Top of Available records

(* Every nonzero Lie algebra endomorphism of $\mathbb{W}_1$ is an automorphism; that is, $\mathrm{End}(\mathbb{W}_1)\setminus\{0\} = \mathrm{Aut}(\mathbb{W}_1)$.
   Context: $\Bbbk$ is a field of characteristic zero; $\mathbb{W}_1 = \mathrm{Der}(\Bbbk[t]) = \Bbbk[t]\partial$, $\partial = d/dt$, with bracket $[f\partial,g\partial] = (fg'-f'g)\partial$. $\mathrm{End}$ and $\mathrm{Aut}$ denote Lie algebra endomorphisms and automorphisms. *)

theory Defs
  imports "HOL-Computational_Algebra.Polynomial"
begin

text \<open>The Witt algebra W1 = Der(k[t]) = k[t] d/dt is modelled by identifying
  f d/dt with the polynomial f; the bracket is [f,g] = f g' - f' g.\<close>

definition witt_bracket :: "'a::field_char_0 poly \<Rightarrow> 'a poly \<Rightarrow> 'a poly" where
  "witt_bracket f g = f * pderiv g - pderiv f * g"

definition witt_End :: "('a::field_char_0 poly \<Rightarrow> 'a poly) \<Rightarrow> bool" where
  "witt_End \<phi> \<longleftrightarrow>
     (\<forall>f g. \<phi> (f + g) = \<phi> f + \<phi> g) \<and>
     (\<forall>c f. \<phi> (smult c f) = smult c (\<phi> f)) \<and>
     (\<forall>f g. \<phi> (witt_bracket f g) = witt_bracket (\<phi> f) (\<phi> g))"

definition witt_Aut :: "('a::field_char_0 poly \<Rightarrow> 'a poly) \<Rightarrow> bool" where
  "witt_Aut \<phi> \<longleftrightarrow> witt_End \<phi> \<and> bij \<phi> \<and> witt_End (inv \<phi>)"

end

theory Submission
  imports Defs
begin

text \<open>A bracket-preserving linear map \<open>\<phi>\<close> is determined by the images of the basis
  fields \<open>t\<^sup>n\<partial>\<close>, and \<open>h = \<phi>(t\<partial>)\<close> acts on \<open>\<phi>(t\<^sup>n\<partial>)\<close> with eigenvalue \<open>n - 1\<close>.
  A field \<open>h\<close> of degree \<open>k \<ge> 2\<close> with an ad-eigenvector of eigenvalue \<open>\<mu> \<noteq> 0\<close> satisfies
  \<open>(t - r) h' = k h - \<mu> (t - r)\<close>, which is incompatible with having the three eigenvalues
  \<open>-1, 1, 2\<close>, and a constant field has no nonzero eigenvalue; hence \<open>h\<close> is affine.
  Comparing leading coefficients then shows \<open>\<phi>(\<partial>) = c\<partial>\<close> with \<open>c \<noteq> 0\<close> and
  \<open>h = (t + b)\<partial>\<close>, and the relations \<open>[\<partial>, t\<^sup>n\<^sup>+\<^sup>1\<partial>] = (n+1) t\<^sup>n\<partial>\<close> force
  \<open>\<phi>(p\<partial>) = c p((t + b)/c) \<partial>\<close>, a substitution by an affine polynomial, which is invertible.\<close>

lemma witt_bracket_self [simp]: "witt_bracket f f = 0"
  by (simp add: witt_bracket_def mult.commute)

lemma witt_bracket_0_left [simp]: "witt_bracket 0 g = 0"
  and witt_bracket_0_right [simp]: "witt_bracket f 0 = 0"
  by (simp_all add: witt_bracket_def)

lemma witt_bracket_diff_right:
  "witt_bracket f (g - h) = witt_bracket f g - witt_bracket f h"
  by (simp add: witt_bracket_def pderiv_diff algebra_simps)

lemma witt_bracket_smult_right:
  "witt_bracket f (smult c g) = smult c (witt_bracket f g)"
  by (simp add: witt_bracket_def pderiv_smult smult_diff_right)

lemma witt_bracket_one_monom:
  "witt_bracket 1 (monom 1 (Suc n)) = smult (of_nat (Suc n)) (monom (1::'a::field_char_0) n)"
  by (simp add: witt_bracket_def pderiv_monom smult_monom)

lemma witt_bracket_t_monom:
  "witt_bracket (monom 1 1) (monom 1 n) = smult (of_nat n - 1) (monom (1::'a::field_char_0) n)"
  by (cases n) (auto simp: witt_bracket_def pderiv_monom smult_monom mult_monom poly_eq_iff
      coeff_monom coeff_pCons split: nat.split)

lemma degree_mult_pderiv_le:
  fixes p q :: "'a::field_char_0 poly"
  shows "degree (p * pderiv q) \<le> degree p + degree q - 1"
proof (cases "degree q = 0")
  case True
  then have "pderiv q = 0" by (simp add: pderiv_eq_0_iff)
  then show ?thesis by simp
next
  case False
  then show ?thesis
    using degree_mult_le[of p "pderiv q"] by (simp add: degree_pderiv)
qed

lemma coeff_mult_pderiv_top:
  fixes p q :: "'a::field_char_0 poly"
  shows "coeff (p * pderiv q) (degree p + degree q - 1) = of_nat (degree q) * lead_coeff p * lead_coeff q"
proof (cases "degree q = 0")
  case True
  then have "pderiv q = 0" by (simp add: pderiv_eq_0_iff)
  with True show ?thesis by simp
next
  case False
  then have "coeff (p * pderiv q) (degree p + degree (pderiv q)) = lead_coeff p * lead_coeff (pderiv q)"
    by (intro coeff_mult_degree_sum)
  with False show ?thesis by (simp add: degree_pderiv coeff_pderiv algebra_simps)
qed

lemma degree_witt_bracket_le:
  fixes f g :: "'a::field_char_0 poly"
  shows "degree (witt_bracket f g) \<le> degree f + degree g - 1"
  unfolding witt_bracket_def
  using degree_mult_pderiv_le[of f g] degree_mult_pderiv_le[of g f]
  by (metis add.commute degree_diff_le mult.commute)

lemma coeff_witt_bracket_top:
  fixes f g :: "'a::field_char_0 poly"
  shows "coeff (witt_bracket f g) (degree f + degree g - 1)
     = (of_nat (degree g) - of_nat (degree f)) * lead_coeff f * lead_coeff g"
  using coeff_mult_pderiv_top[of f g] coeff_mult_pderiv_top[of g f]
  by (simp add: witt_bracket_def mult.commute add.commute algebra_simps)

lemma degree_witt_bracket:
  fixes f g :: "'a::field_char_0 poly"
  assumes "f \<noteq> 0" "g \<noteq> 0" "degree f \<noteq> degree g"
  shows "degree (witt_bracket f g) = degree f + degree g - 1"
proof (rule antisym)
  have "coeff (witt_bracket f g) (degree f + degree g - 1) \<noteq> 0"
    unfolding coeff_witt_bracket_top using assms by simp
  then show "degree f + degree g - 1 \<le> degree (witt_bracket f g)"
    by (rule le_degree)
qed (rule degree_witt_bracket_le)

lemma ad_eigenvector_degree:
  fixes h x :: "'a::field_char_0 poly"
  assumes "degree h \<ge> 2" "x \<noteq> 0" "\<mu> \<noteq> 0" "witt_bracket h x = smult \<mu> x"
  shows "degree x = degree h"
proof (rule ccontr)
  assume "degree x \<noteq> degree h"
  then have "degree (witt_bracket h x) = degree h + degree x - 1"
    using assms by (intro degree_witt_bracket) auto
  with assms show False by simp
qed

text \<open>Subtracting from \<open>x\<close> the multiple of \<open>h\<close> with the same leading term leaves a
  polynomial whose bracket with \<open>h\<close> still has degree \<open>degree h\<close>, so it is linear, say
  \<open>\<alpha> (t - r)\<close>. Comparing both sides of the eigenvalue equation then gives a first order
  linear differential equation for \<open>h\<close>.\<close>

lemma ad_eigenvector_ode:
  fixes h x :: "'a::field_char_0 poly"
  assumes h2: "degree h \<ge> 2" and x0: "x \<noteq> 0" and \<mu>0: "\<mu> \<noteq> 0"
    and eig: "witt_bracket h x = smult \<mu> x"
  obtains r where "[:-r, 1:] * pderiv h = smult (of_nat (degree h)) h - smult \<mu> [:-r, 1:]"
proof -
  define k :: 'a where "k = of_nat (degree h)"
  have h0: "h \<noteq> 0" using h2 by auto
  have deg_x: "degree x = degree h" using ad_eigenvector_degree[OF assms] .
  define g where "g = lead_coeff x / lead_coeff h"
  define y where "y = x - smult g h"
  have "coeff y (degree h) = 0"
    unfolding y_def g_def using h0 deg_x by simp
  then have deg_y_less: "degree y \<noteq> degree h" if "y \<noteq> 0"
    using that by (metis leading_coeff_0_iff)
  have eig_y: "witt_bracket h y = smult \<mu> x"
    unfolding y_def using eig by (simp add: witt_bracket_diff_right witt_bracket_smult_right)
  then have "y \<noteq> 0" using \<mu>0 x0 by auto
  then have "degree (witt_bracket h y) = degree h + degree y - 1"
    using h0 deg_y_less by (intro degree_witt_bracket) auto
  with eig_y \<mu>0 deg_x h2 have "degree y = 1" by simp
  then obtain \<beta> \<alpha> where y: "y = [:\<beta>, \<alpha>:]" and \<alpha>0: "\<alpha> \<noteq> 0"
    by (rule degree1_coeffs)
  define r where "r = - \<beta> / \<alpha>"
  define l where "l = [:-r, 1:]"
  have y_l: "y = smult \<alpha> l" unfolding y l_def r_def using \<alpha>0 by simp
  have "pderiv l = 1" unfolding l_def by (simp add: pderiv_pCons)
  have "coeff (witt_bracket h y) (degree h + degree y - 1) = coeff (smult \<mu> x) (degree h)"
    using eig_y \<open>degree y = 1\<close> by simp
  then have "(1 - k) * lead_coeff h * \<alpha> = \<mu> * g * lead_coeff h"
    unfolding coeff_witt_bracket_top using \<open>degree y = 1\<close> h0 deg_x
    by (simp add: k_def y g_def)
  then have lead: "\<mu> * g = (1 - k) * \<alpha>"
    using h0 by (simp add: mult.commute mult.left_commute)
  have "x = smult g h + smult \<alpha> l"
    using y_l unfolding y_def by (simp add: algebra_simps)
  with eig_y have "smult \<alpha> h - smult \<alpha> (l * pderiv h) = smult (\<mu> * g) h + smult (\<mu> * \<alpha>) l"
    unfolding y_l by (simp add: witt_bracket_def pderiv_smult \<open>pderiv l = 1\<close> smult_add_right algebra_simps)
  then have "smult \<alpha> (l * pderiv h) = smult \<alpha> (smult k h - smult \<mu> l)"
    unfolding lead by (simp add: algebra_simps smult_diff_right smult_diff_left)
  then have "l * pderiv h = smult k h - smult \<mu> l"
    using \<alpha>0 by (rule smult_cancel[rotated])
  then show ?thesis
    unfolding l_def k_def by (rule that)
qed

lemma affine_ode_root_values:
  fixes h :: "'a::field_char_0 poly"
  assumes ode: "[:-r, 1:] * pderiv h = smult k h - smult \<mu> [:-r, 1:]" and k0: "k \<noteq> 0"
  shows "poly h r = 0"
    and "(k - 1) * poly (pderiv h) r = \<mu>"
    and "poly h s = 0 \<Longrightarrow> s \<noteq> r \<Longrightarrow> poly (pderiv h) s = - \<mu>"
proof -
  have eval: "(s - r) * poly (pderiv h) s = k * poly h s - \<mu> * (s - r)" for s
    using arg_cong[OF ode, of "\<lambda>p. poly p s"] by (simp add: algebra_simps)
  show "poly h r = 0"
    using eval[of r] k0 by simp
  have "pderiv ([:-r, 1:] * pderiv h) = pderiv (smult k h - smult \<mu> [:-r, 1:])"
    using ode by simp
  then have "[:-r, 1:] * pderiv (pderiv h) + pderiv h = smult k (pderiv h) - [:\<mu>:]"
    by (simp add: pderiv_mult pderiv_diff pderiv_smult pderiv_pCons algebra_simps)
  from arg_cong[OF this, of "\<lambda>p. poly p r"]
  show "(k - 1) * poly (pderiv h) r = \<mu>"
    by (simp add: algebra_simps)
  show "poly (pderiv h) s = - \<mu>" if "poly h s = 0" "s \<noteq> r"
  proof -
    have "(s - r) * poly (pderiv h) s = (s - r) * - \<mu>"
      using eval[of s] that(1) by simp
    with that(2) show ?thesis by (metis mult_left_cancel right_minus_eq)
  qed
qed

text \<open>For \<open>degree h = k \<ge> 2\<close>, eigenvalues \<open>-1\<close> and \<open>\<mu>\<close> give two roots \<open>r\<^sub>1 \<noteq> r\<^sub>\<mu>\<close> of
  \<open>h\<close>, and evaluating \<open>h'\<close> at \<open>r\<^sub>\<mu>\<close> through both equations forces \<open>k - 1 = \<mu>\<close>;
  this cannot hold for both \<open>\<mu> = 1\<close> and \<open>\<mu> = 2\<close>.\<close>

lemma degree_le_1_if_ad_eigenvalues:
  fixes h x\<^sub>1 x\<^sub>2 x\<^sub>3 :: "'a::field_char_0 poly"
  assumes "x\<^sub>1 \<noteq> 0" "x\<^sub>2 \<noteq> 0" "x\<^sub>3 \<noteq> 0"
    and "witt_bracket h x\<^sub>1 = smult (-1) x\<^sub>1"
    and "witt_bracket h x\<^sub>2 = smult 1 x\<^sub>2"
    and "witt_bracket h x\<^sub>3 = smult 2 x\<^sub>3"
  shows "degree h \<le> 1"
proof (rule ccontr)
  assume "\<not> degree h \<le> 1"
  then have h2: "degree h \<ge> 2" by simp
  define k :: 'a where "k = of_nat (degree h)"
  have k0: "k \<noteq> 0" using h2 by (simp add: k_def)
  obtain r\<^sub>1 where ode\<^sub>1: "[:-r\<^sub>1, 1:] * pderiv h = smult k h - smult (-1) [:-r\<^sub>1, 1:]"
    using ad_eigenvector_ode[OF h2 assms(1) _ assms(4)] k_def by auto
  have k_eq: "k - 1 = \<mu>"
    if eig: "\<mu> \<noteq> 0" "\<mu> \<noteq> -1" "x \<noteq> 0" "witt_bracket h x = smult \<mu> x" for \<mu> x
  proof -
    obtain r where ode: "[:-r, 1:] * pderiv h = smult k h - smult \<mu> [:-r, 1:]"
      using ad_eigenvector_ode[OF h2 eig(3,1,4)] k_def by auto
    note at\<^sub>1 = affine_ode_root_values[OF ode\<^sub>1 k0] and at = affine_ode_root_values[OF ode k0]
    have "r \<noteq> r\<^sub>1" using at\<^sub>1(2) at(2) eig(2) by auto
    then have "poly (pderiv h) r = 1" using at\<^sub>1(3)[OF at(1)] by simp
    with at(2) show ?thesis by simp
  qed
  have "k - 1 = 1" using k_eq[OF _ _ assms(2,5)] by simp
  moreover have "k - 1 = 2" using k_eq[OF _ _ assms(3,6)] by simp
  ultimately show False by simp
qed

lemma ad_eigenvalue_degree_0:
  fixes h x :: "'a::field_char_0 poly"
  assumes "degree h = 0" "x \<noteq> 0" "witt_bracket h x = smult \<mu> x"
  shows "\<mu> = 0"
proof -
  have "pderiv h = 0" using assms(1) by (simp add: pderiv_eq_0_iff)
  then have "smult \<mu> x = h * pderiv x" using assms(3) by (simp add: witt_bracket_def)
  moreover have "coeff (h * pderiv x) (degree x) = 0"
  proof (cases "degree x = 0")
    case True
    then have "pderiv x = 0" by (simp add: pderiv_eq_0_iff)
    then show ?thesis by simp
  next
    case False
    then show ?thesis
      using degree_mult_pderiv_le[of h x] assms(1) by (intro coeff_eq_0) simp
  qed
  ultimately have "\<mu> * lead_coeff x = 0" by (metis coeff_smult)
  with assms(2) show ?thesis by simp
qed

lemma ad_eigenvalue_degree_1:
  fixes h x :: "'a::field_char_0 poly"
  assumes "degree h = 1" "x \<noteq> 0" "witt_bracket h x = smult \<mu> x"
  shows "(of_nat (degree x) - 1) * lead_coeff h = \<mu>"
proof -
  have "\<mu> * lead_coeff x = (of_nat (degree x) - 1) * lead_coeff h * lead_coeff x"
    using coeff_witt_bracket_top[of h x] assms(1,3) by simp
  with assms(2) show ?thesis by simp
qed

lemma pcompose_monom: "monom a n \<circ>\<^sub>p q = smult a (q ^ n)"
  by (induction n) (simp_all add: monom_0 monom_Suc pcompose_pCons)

Bottom of Available records

What is expected =
Collect each line above holding the string "assumes".

Output below =
  assumes "f \<noteq> 0" "g \<noteq> 0" "degree f \<noteq> degree g"
  assumes "degree h \<ge> 2" "x \<noteq> 0" "\<mu> \<noteq> 0" "witt_bracket h x = smult \<mu> x"
  assumes h2: "degree h \<ge> 2" and x0: "x \<noteq> 0" and \<mu>0: "\<mu> \<noteq> 0"
  assumes ode: "[:-r, 1:] * pderiv h = smult k h - smult \<mu> [:-r, 1:]" and k0: "k \<noteq> 0"
  assumes "x\<^sub>1 \<noteq> 0" "x\<^sub>2 \<noteq> 0" "x\<^sub>3 \<noteq> 0"
  assumes "degree h = 0" "x \<noteq> 0" "witt_bracket h x = smult \<mu> x"
  assumes "degree h = 1" "x \<noteq> 0" "witt_bracket h x = smult \<mu> x"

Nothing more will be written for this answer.